Metal-containing polyurethanes from tetradentate Schiff bases: synthesis, characterization, and biocidal activities

N,N′-bis(salicylidene)thiosemicarbazide Schiff base has been synthesized by the reaction of thiosemicarbazide with salicylaldehyde and then reacted with formaldehyde to generate phenolic groups, resulting in the formation of Schiff-base monomeric ligand. It was further incorporated with transition metals, Mn+2, Co+2, Ni+2, Cu+2, and Zn+2, to form Schiff-base metal complex, which was then polymerized with toluene 2,4-diisocyanate to form metal-chelated polyurethanes.

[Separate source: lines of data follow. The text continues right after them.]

(* For all $n\ge2$ and $a>0$, $$\frac{d\mathsf p(n,a)}{da}=\frac{2e^{-a^2}P_n(a)P_{n-2}(a)}{h_{n-2}(a)}=a\,r_n(a)-\frac{n+r_n(a)}{2}R_n(a).$$
   Context: Fix $a>0$. Let $w(x)=e^{-x^2}\chi_{\mathbb{R}\setminus(-a,a)}(x)$. Let $P_n$ be the monic orthogonal polynomials for $w$, with $h_n=\int P_n^2w$, and write $P_n(x)=x^n+\mathsf p(n,a)x^{n-2}+\dots$. Define $$R_n(a)=\frac{2e^{-a^2}P_n(a)^2}{h_n(a)},\qquad r_n(a)=\frac{2e^{-a^2}P_n(a)P_{n-1}(a)}{h_{n-1}(a)}.$$ *)

theory Defs
  imports "HOL-Analysis.Analysis" "HOL-Computational_Algebra.Polynomial"
begin

definition wt :: "real \<Rightarrow> real \<Rightarrow> real" where
  "wt a x = exp (- (x^2)) * indicator (UNIV - {-a<..<a}) x"

definition OP :: "real \<Rightarrow> nat \<Rightarrow> real poly" where
  "OP a n = (THE p. degree p = n \<and> lead_coeff p = 1 \<and>
      (\<forall>k<n. (LINT x|lborel. poly p x * x ^ k * wt a x) = 0))"

definition hn :: "real \<Rightarrow> nat \<Rightarrow> real" where
  "hn a n = (LINT x|lborel. (poly (OP a n) x)^2 * wt a x)"

definition pco :: "nat \<Rightarrow> real \<Rightarrow> real" where
  "pco n a = coeff (OP a n) (n - 2)"

definition Rn :: "nat \<Rightarrow> real \<Rightarrow> real" where
  "Rn n a = 2 * exp (- (a^2)) * (poly (OP a n) a)^2 / hn a n"

definition rn :: "nat \<Rightarrow> real \<Rightarrow> real" where
  "rn n a = 2 * exp (- (a^2)) * poly (OP a n) a * poly (OP a (n - 1)) a / hn a (n - 1)"

end

theory Submission
  imports Defs "HOL-Probability.Distributions"
begin

(* The monic orthogonal polynomials are realised concretely by Gram-Schmidt
   orthogonalisation GS b n of the monomials w.r.t. the inner product ip b;
   by uniqueness GS b n = OP b n.  Everything is then reduced to the moments
   mom b k = int x^k w_b(x) dx, for which we prove
     (i)  d/db mom b k = -e^{-b^2} (b^k + (-b)^k)      (fundamental theorem), and
     (ii) (k+1) mom b k = 2 mom b (k+2) + e^{-b^2}((-b)^(k+1) - b^(k+1))
          (integration by parts), giving int p' w = int 2xp w + boundary terms.
   From (i) the coefficients of GS b n are differentiable in b; differentiating
   the orthogonality relations yields the inner products of the derivative
   polynomial d/db GS b n against all lower-degree polynomials, and with the
   parity of GS this gives the first equality.  From (ii) and orthogonality we
   get the three-term relation and the norm recursion
     2 h_n = n h_{n-1} + 2 e^{-a^2} P_n(a) P_{n-1}(a),
   from which the second equality is pure algebra. *)

lemma gaussian_moment_integrable: "integrable lborel (\<lambda>x::real. exp (- x\<^sup>2) * x ^ k)"
proof (cases "even k")
  case True
  then obtain j where k: "k = 2*j" by (auto elim: evenE)
  have "has_bochner_integral lborel (\<lambda>x::real. exp (- x\<^sup>2) * x ^ (2*j))
          (2 *\<^sub>R ((sqrt pi / 2) * (fact (2 * j) / (2 ^ (2 * j) * fact j))))"
    by (rule has_bochner_integral_even_function[OF gaussian_moment_even_pos]) (simp add: power_mult)
  then show ?thesis using k by (auto dest: integrable.intros)
next
  case False
  then obtain j where k: "k = 2*j+1" by (auto elim: oddE)
  have "has_bochner_integral lborel (\<lambda>x::real. exp (- x\<^sup>2) * x ^ (2*j+1)) 0"
    by (rule has_bochner_integral_odd_function[OF gaussian_moment_odd_pos]) (simp add: power_mult)
  then show ?thesis using k by (auto dest: integrable.intros)
qed

lemma gaussian_moment_integrable_reflected: "integrable lborel (\<lambda>x::real. exp (- x\<^sup>2) * (- x) ^ k)"
  using lborel_integrable_real_affine[OF gaussian_moment_integrable[of k], of "-1" 0] by simp

lemma wt_measurable[measurable]: "(\<lambda>x. wt b x) \<in> borel_measurable borel"
  unfolding wt_def by measurable

lemma wt_nonneg: "wt b x \<ge> 0"
  unfolding wt_def by (simp split: split_indicator)

lemma wt_even: "wt b (- x) = wt b x"
  unfolding wt_def by (auto split: split_indicator)

lemma integrable_monomial_wt: "integrable lborel (\<lambda>x::real. x ^ k * wt b x)"
proof -
  have "integrable lborel (\<lambda>x::real. (exp (- x\<^sup>2) * x ^ k) * indicator (UNIV - {-b<..<b}) x)"
    by (rule integrable_real_mult_indicator) (auto intro: gaussian_moment_integrable)
  then show ?thesis unfolding wt_def by (simp add: ac_simps)
qed

lemma integrable_poly_wt: "integrable lborel (\<lambda>x::real. poly p x * wt b x)"
proof -
  have "integrable lborel (\<lambda>x::real. \<Sum>i\<le>degree p. coeff p i * (x ^ i * wt b x))"
    by (intro Bochner_Integration.integrable_sum Bochner_Integration.integrable_mult_right
        integrable_monomial_wt)
  then show ?thesis by (simp add: poly_altdef sum_distrib_left sum_distrib_right ac_simps)
qed

lemma lint_reflect: "(LINT x|lborel. f (- x)) = (LINT x|lborel. (f (x::real) :: real))"
  using lborel_integral_real_affine[of "-1" f 0] by simp

lemma lint_odd: assumes "\<And>x. f (- x) = - f x" shows "(LINT x|lborel. (f (x::real) :: real)) = 0"
proof -
  have "(LINT x|lborel. f x) = (LINT x|lborel. f (- x))" by (rule lint_reflect[symmetric])
  also have "\<dots> = - (LINT x|lborel. f x)" by (simp add: assms)
  finally show ?thesis by simp
qed

lemma poly_as_sum_upto: fixes p :: "real poly" assumes "degree p \<le> N"
  shows "poly p x = (\<Sum>i\<le>N. coeff p i * x ^ i)"
proof -
  have "poly p x = poly (\<Sum>i\<le>N. monom (coeff p i) i) x" using poly_as_sum_of_monoms'[OF assms] by simp
  also have "\<dots> = (\<Sum>i\<le>N. coeff p i * x ^ i)" by (simp add: poly_sum poly_monom)
  finally show ?thesis .
qed

definition ip :: "real \<Rightarrow> real poly \<Rightarrow> real poly \<Rightarrow> real" where
  "ip b p q = (LINT x|lborel. poly p x * poly q x * wt b x)"

definition mom :: "real \<Rightarrow> nat \<Rightarrow> real" where
  "mom b k = (LINT x|lborel. x ^ k * wt b x)"

lemma integrable_ip: "integrable lborel (\<lambda>x::real. poly p x * poly q x * wt b x)"
  using integrable_poly_wt[of "p*q" b] by simp

lemma ip_sym: "ip b p q = ip b q p"
  unfolding ip_def by (simp add: ac_simps)

lemma ip_add_right: "ip b p (q + r) = ip b p q + ip b p r"
proof -
  have "ip b p (q + r) = (LINT x|lborel. poly p x * poly q x * wt b x + poly p x * poly r x * wt b x)"
    unfolding ip_def by (simp add: algebra_simps)
  also have "\<dots> = ip b p q + ip b p r"
    unfolding ip_def by (rule Bochner_Integration.integral_add[OF integrable_ip integrable_ip])
  finally show ?thesis .
qed

lemma ip_smult_right: "ip b p (smult c q) = c * ip b p q"
proof -
  have "ip b p (smult c q) = (LINT x|lborel. c * (poly p x * poly q x * wt b x))"
    unfolding ip_def by (simp add: algebra_simps)
  then show ?thesis unfolding ip_def by simp
qed

lemma ip_diff_right: "ip b p (q - r) = ip b p q - ip b p r"
  using ip_add_right[of b p q "-r"] ip_smult_right[of b p "-1" r] by simp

Monomeric ligand, its metal complexes, and its metal polychelates were characterized and compared by elemental analysis, FT-IR, 1H NMR, thermal, and biocidal activities to evaluate the enhancement in physical and chemical properties on coordination with metal and on polymerization. SEM images of ligand and polymer metal complexes showed changes in surface morphology, while electronic spectra of polymer metal complexes were used to predict the geometry. Antimicrobial activities were determined by using agar-diffusion method with Staphylococcus aureus, Escherichia coli, Bacillus subtilis (bacteria), Aspergillus niger, Candida albicans, and Aspergillus flavus (yeast). The polymeric ligand had varied antibacterial and antifungal activities, enhanced after chelation and polymerization. Comparative results show that coordination of metal to the ligand enhances its physical and chemical properties which were meliorated on polymerization.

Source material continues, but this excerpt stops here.